- REQUIRED ACTION -
When you output the entries, begin with the first line and end with the line containing "using assms by (auto", keeping each line exactly as it is.

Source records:
===============

text \<open>With \<open>\<beta>\<close> bounding \<open>prob (space M - G N)\<close>, the excess of \<open>prob (no_success n0 N)\<close> over \<open>\<beta>\<close>
  shrinks by the factor \<open>1 - prob (E N)\<close> from block to block.\<close>
lemma prob_no_success_Suc:
  assumes "1 \<le> n0" "n0 \<le> N"
  defines "\<beta> \<equiv> 1 / (2 * (real R - 1))"
  shows "prob (no_success n0 (Suc N)) - \<beta> \<le> (1 - prob (E N)) * (prob (no_success n0 N) - \<beta>)"
proof -
  define z where "z = prob (no_success n0 N)"
  define w where "w = prob (no_success n0 N \<inter> G N)"
  define p where "p = prob (E N)"
  have "no_success n0 (Suc N) = no_success n0 N - (no_success n0 N \<inter> G N \<inter> E N)"
    using assms by (auto simp: no_success_def atLeastLessThanSuc)
  then have "prob (no_success n0 (Suc N)) = z - prob (no_success n0 N \<inter> G N \<inter> E N)"
    unfolding z_def using sets_no_success sets_G sets_E by (auto intro: finite_measure_Diff)
  also have "\<dots> = z - w * p" unfolding w_def p_def using assms by (simp add: prob_no_success_G_E)
  finally have z': "prob (no_success n0 (Suc N)) = z - w * p" .
  have "z \<le> prob ((no_success n0 N \<inter> G N) \<union> (space M - G N))"
    unfolding z_def using sets_no_success sets_G
    by (intro finite_measure_mono) (auto simp: no_success_def)
  also have "\<dots> \<le> w + prob (space M - G N)" unfolding w_def
    using sets_no_success sets_G by (intro measure_Un_le) auto
  also have "prob (space M - G N) \<le> \<beta>" unfolding \<beta>_def using assms by (intro prob_not_G) simp
  finally have w: "z - \<beta> \<le> w" by simp
  have "p * (z - \<beta>) \<le> p * w" using w by (intro mult_left_mono) (simp_all add: p_def)
  then show ?thesis unfolding z' z_def[symmetric] p_def[symmetric] by (simp add: algebra_simps)
qed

===============

- OUTPUT FOR THIS EXERCISE -
text \<open>With \<open>\<beta>\<close> bounding \<open>prob (space M - G N)\<close>, the excess of \<open>prob (no_success n0 N)\<close> over \<open>\<beta>\<close>
  shrinks by the factor \<open>1 - prob (E N)\<close> from block to block.\<close>
lemma prob_no_success_Suc:
  assumes "1 \<le> n0" "n0 \<le> N"
  defines "\<beta> \<equiv> 1 / (2 * (real R - 1))"
  shows "prob (no_success n0 (Suc N)) - \<beta> \<le> (1 - prob (E N)) * (prob (no_success n0 N) - \<beta>)"
proof -
  define z where "z = prob (no_success n0 N)"
  define w where "w = prob (no_success n0 N \<inter> G N)"
  define p where "p = prob (E N)"
  have "no_success n0 (Suc N) = no_success n0 N - (no_success n0 N \<inter> G N \<inter> E N)"
    using assms by (auto simp: no_success_def atLeastLessThanSuc)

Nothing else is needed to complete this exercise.